The Tribune - Spectrum

Sunday, June 3, 2001

Shiva in Khajuraho
Suparna Saraswati Puri

IT is said that all that is true, all that is good and all that is beautiful is God (Satyam Shivam Sundaram). In ancient India, art went hand in hand with religion. In one sense, we may say, art turned inward is religion and religion turned outward is art.

Temples have been repositories of all arts; they have enshrined not only idols of deities but art treasures as well. India holds a place of pride in this respect with thousands of brilliant architectural specimens, spread throughout the length and breadth of the country, devoted to the popular notion of the Supreme Trinity as manifestation of Divinity i.e. Brahma, Vishnu, and Shiva. Amongst these three, it is Shiva who is supposed to be the absolute one, emerging from the cosmic union that is represented in the lingam. Shiva is referred to as the ‘good one’ or the auspicious one. He is both static and dynamic and is both creator and destroyer.
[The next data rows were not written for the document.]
(* Let $(M,\Delta,S,\varepsilon)$ be a weak Kac algebra with target Cartan subalgebra $N_t$. For $x\in N_t$ let $L_x:N_t\to N_t$ be the linear operator $L_x(n)=xn$. Then $\varepsilon(x)=\mathrm{Tr}\,L_x$ for all $x\in N_t$, where $\mathrm{Tr}$ is the usual trace of a linear operator on the finite-dimensional space $N_t$.
   Context: All algebras are finite-dimensional over $\mathbb{C}$; $\varsigma$ denotes the flip and $\mu(x\otimes y)=xy$. A weak Kac algebra is a quadruple $(M,\Delta,S,\varepsilon)$ where $M$ is a finite-dimensional $C^*$-algebra; $\Delta:M\to M\otimes M$ is an injective, not necessarily unital, $*$-homomorphism with $(\Delta\otimes\mathrm{id})\Delta=(\mathrm{id}\otimes\Delta)\Delta$; $S:M\to M$ is a linear, unital, antimultiplicative, $*$-preserving bijection with $S^2=\mathrm{id}$ and $(S\otimes S)\circ\Delta=\varsigma\circ\Delta\circ S$; and $\varepsilon:M\to\mathbb{C}$ is linear with $(\varepsilon\otimes\mathrm{id})\Delta=(\mathrm{id}\otimes\varepsilon)\Delta=\mathrm{id}$, $\varepsilon\circ S=\varepsilon$, $\varepsilon(x^* )=\overline{\varepsilon(x)}$, $(\varepsilon\otimes\varepsilon)((x\otimes1)e(1\otimes y))=\varepsilon(xy)$ for all $x,y$, where $e:=\Delta(1)$, and $(\varepsilon_s\otimes\mathrm{id})\Delta(x)=(1\otimes x)e$ for all $x$, where $\varepsilon_s:=\mu(S\otimes\mathrm{id})\Delta$. The target Cartan subalgebra is $N_t=\{x\in M:\Delta(x)=e(x\otimes 1)=(x\otimes1)e\}$. *)

theory Defs
  imports Complex_Main
begin

text \<open>Concrete model: a finite-dimensional complex vector space M is represented as
  the coordinate space 'i \<Rightarrow> complex for a finite index type 'i (a chosen linear basis);
  M \<otimes> M is ('i \<times> 'i) \<Rightarrow> complex, M \<otimes> M \<otimes> M is ('i \<times> 'i \<times> 'i) \<Rightarrow> complex,
  with x \<otimes> y = (\<lambda>(a,b). x a * y b).  Maps out of tensor products are the linear
  extensions, written via the standard basis.\<close>

definition vadd :: "('a \<Rightarrow> complex) \<Rightarrow> ('a \<Rightarrow> complex) \<Rightarrow> ('a \<Rightarrow> complex)" where
  "vadd x y = (\<lambda>j. x j + y j)"

definition vscale :: "complex \<Rightarrow> ('a \<Rightarrow> complex) \<Rightarrow> ('a \<Rightarrow> complex)" where
  "vscale c x = (\<lambda>j. c * x j)"

definition vzero :: "'a \<Rightarrow> complex" where
  "vzero = (\<lambda>j. 0)"

definition clinear :: "(('a \<Rightarrow> complex) \<Rightarrow> ('b \<Rightarrow> complex)) \<Rightarrow> bool" where
  "clinear f \<longleftrightarrow> (\<forall>x y. f (vadd x y) = vadd (f x) (f y)) \<and> (\<forall>c x. f (vscale c x) = vscale c (f x))"

definition clinear_functional :: "(('a \<Rightarrow> complex) \<Rightarrow> complex) \<Rightarrow> bool" where
  "clinear_functional f \<longleftrightarrow> (\<forall>x y. f (vadd x y) = f x + f y) \<and> (\<forall>c x. f (vscale c x) = c * f x)"

definition basis_vec :: "'a \<Rightarrow> ('a \<Rightarrow> complex)" where
  "basis_vec a = (\<lambda>j. if j = a then 1 else 0)"

definition tens :: "('i \<Rightarrow> complex) \<Rightarrow> ('i \<Rightarrow> complex) \<Rightarrow> ('i \<times> 'i \<Rightarrow> complex)" where
  "tens x y = (\<lambda>(a, b). x a * y b)"

text \<open>Multiplication on M \<otimes> M: bilinear extension of (x\<otimes>y)(x'\<otimes>y') = xx' \<otimes> yy'.\<close>
definition tmult :: "(('i::finite \<Rightarrow> complex) \<Rightarrow> ('i \<Rightarrow> complex) \<Rightarrow> ('i \<Rightarrow> complex))
    \<Rightarrow> ('i \<times> 'i \<Rightarrow> complex) \<Rightarrow> ('i \<times> 'i \<Rightarrow> complex) \<Rightarrow> ('i \<times> 'i \<Rightarrow> complex)" where
  "tmult mult T U = (\<lambda>(j, k). \<Sum>a\<in>UNIV. \<Sum>b\<in>UNIV. \<Sum>c\<in>UNIV. \<Sum>d\<in>UNIV.
      T (a, b) * U (c, d) * mult (basis_vec a) (basis_vec c) j * mult (basis_vec b) (basis_vec d) k)"

text \<open>Involution on M \<otimes> M: antilinear extension of (x\<otimes>y)* = x* \<otimes> y*.\<close>
definition tstar :: "(('i::finite \<Rightarrow> complex) \<Rightarrow> ('i \<Rightarrow> complex))
    \<Rightarrow> ('i \<times> 'i \<Rightarrow> complex) \<Rightarrow> ('i \<times> 'i \<Rightarrow> complex)" where
  "tstar star T = (\<lambda>(j, k). \<Sum>a\<in>UNIV. \<Sum>b\<in>UNIV.
      cnj (T (a, b)) * star (basis_vec a) j * star (basis_vec b) k)"

definition flip :: "('i \<times> 'i \<Rightarrow> complex) \<Rightarrow> ('i \<times> 'i \<Rightarrow> complex)" where
  "flip T = (\<lambda>(j, k). T (k, j))"

text \<open>f \<otimes> g : M \<otimes> M \<rightarrow> M \<otimes> M for linear f, g : M \<rightarrow> M.\<close>
definition map_both :: "(('i::finite \<Rightarrow> complex) \<Rightarrow> ('i \<Rightarrow> complex)) \<Rightarrow> (('i \<Rightarrow> complex) \<Rightarrow> ('i \<Rightarrow> complex))
    \<Rightarrow> ('i \<times> 'i \<Rightarrow> complex) \<Rightarrow> ('i \<times> 'i \<Rightarrow> complex)" where
  "map_both f g T = (\<lambda>(j, k). \<Sum>a\<in>UNIV. \<Sum>b\<in>UNIV. T (a, b) * f (basis_vec a) j * g (basis_vec b) k)"

text \<open>(\<Delta> \<otimes> id) and (id \<otimes> \<Delta>) : M \<otimes> M \<rightarrow> M \<otimes> M \<otimes> M.\<close>
definition comult_left :: "(('i::finite \<Rightarrow> complex) \<Rightarrow> ('i \<times> 'i \<Rightarrow> complex))
    \<Rightarrow> ('i \<times> 'i \<Rightarrow> complex) \<Rightarrow> ('i \<times> 'i \<times> 'i \<Rightarrow> complex)" where
  "comult_left D T = (\<lambda>(j, k, l). \<Sum>a\<in>UNIV. T (a, l) * D (basis_vec a) (j, k))"

definition comult_right :: "(('i::finite \<Rightarrow> complex) \<Rightarrow> ('i \<times> 'i \<Rightarrow> complex))
    \<Rightarrow> ('i \<times> 'i \<Rightarrow> complex) \<Rightarrow> ('i \<times> 'i \<times> 'i \<Rightarrow> complex)" where
  "comult_right D T = (\<lambda>(j, k, l). \<Sum>b\<in>UNIV. T (j, b) * D (basis_vec b) (k, l))"

text \<open>(\<epsilon> \<otimes> id), (id \<otimes> \<epsilon>) : M \<otimes> M \<rightarrow> M and (\<epsilon> \<otimes> \<epsilon>) : M \<otimes> M \<rightarrow> \<complex>.\<close>
definition functional_left :: "(('i::finite \<Rightarrow> complex) \<Rightarrow> complex) \<Rightarrow> ('i \<times> 'i \<Rightarrow> complex) \<Rightarrow> ('i \<Rightarrow> complex)" where
  "functional_left eps T = (\<lambda>k. \<Sum>a\<in>UNIV. eps (basis_vec a) * T (a, k))"

definition functional_right :: "(('i::finite \<Rightarrow> complex) \<Rightarrow> complex) \<Rightarrow> ('i \<times> 'i \<Rightarrow> complex) \<Rightarrow> ('i \<Rightarrow> complex)" where
  "functional_right eps T = (\<lambda>j. \<Sum>b\<in>UNIV. T (j, b) * eps (basis_vec b))"

definition functional_both :: "(('i::finite \<Rightarrow> complex) \<Rightarrow> complex) \<Rightarrow> ('i \<times> 'i \<Rightarrow> complex) \<Rightarrow> complex" where
  "functional_both eps T = (\<Sum>a\<in>UNIV. \<Sum>b\<in>UNIV. T (a, b) * eps (basis_vec a) * eps (basis_vec b))"

text \<open>\<mu> : M \<otimes> M \<rightarrow> M, \<mu>(x \<otimes> y) = xy.\<close>
definition tmu :: "(('i::finite \<Rightarrow> complex) \<Rightarrow> ('i \<Rightarrow> complex) \<Rightarrow> ('i \<Rightarrow> complex))
    \<Rightarrow> ('i \<times> 'i \<Rightarrow> complex) \<Rightarrow> ('i \<Rightarrow> complex)" where
  "tmu mult T = (\<lambda>j. \<Sum>a\<in>UNIV. \<Sum>b\<in>UNIV. T (a, b) * mult (basis_vec a) (basis_vec b) j)"

text \<open>Finite-dimensional (unital) C*-algebra structure on 'i \<Rightarrow> complex: a unital associative
  *-algebra admitting a C*-norm (completeness is automatic in finite dimension).\<close>
definition C_star_algebra :: "(('i::finite \<Rightarrow> complex) \<Rightarrow> ('i \<Rightarrow> complex) \<Rightarrow> ('i \<Rightarrow> complex))
    \<Rightarrow> ('i \<Rightarrow> complex) \<Rightarrow> (('i \<Rightarrow> complex) \<Rightarrow> ('i \<Rightarrow> complex)) \<Rightarrow> bool" where
  "C_star_algebra mult one star \<longleftrightarrow>
     (\<forall>x. clinear (mult x) \<and> clinear (\<lambda>y. mult y x)) \<and>
     (\<forall>x y z. mult (mult x y) z = mult x (mult y z)) \<and>
     (\<forall>x. mult one x = x \<and> mult x one = x) \<and>
     (\<forall>x y. star (vadd x y) = vadd (star x) (star y)) \<and>
     (\<forall>c x. star (vscale c x) = vscale (cnj c) (star x)) \<and>
     (\<forall>x. star (star x) = x) \<and>
     (\<forall>x y. star (mult x y) = mult (star y) (star x)) \<and>
     (\<exists>N :: ('i \<Rightarrow> complex) \<Rightarrow> real.
        (\<forall>x. N x = 0 \<longleftrightarrow> x = vzero) \<and>
        (\<forall>x y. N (vadd x y) \<le> N x + N y) \<and>
        (\<forall>c x. N (vscale c x) = cmod c * N x) \<and>
        (\<forall>x y. N (mult x y) \<le> N x * N y) \<and>
        (\<forall>x. N (mult (star x) x) = (N x)\<^sup>2))"

definition eps_s :: "(('i::finite \<Rightarrow> complex) \<Rightarrow> ('i \<Rightarrow> complex) \<Rightarrow> ('i \<Rightarrow> complex))
    \<Rightarrow> (('i \<Rightarrow> complex) \<Rightarrow> ('i \<times> 'i \<Rightarrow> complex)) \<Rightarrow> (('i \<Rightarrow> complex) \<Rightarrow> ('i \<Rightarrow> complex))
    \<Rightarrow> ('i \<Rightarrow> complex) \<Rightarrow> ('i \<Rightarrow> complex)" where
  "eps_s mult Delta S x = tmu mult (map_both S id (Delta x))"

definition weak_Kac_algebra :: "(('i::finite \<Rightarrow> complex) \<Rightarrow> ('i \<Rightarrow> complex) \<Rightarrow> ('i \<Rightarrow> complex))
    \<Rightarrow> ('i \<Rightarrow> complex) \<Rightarrow> (('i \<Rightarrow> complex) \<Rightarrow> ('i \<Rightarrow> complex))
    \<Rightarrow> (('i \<Rightarrow> complex) \<Rightarrow> ('i \<times> 'i \<Rightarrow> complex)) \<Rightarrow> (('i \<Rightarrow> complex) \<Rightarrow> ('i \<Rightarrow> complex))
    \<Rightarrow> (('i \<Rightarrow> complex) \<Rightarrow> complex) \<Rightarrow> bool" where
  "weak_Kac_algebra mult one star Delta S eps \<longleftrightarrow>
     C_star_algebra mult one star \<and>
     \<comment> \<open>\<Delta>: injective, not necessarily unital *-homomorphism, coassociative\<close>
     clinear Delta \<and>
     (\<forall>x y. Delta (mult x y) = tmult mult (Delta x) (Delta y)) \<and>
     (\<forall>x. Delta (star x) = tstar star (Delta x)) \<and>
     inj Delta \<and>
     (\<forall>x. comult_left Delta (Delta x) = comult_right Delta (Delta x)) \<and>
     \<comment> \<open>antipode S\<close>
     clinear S \<and> S one = one \<and>
     (\<forall>x y. S (mult x y) = mult (S y) (S x)) \<and>
     (\<forall>x. S (star x) = star (S x)) \<and>
     bij S \<and> (\<forall>x. S (S x) = x) \<and>
     (\<forall>x. map_both S S (Delta x) = flip (Delta (S x))) \<and>
     \<comment> \<open>counit \<epsilon>\<close>
     clinear_functional eps \<and>
     (\<forall>x. functional_left eps (Delta x) = x) \<and>
     (\<forall>x. functional_right eps (Delta x) = x) \<and>
     (\<forall>x. eps (S x) = eps x) \<and>
     (\<forall>x. eps (star x) = cnj (eps x)) \<and>
     (\<forall>x y. functional_both eps (tmult mult (tmult mult (tens x one) (Delta one)) (tens one y))
             = eps (mult x y)) \<and>
     (\<forall>x. map_both (eps_s mult Delta S) id (Delta x) = tmult mult (tens one x) (Delta one))"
He is the oldest and the youngest, he is the eternal youth as well as the infant. He is the source of fertility in all living beings. He has gentle as well as fierce forms. Shiva is the greatest of renouncers as well as the ideal lover. He destroys evil and protects good. He bestows prosperity on worshippers although he is austere. He is omnipresent and resides in everyone as pure consciousness.
Highest Shivalinga in India at Khajuraho
Highest Shivalinga in India at Khajuraho

For men and women alike, Shiva is the finality and is hence venerated with utmost religious passion and conviction. Which is also one of the reasons that in the temples of India, Shiva’s personification knows no limit. It is in this context that a famous tourist destination like Khajuraho finds yet another perspective to its already globally acknowledged identity.

Kandariya Mahadeo Temple at Khajuraho
Kandariya Mahadeo Temple at Khajuraho

Virtually located in the middle of nowhere in a huge state like Madhya Pradesh, Khajuraho derives its name from the khajoor grove that enveloped the region prior to the accidental discovery (by a certain British officer named Burt) of the magnificent temples that got categorised as the ‘erotica temples of Khajuraho’. Being the historic capital of the Chandellas, who ruled from the 9th to the 13th centuries, it was better known then as Kharjurahaka. These temples display tremendous skill and artistic emancipation of the ancient artists in the Indo-Aryan Nagara style of architecture. The shrines are embellished with a profusion of exquisite sculptural carvings. What has more than often been misunderstood and misrepresented as only erotic art, the finely worked bands going around the temples depict several aspects of life over a 1000 years ago, portraying gods, goddesses, musicians, animals, etc. If there appears to be domination of erotic sculptures featuring apsaras and mithunas (couples) then that has a cultural basis to it and does not necessarily imply that the ancient people were obsessed with the concept of erotic art and its human manifestations. A brief summary of the Khajuraho temple complex might be helpful in comprehending the unique character of the place.

There are three groups of shrines at Khajuraho. The oldest temple dates back to 900 CE called the Chaunsath Yogini in the western group near the Shibsagar Lake. The earlier society existing in the region conducted the panchyatna puja — involving the worship of five deities — Shiva, Vishnu, Shakti, Surya and Ganesha — hence the panchyatna temples. Each has a main shrine and four subsidiary shrines.

The Kandariya Mahadeo temple, the largest amongst the Khajuraho shrines, is considered to be the best representation of the architectural style (Indo-Aryan Nagara). It consists of a sanctum-garbhagriha; a circumambulatory path-pradakshinapath; an Antarala, ardhmandapa, Mandapa and a mahamandapa. The sanctum enshrines a marble Shiva lingam. This structure is a sheer marvel in yellow sandstone, which is anytime harder to sculpt and carve as compared to marble.

Adjacent to the complex is another shrine that has the highest Shiva lingam in the country, measuring an astounding 27 feet with the visible 9 feet above the ground. It is here that on every Mahashivaratri, the villagers in and around Khajuraho congregate to enact the entire ritual of Shiva-Parvati’s celestial union with great religious fervour. Several yards of sacred thread is tied to the lingam by the devotees and gallons of milk is showered on it. According to popular belief, there is no greater a proof Shiva’s being than the presence of this massive lingam, which has been there even before the panchayatna shrines.

As a native of the village appropriately stated, "Yahan hi to Shiva purna roop se baste hain, Khajuraho Shiva-Shakti ka niwas sthan hai!"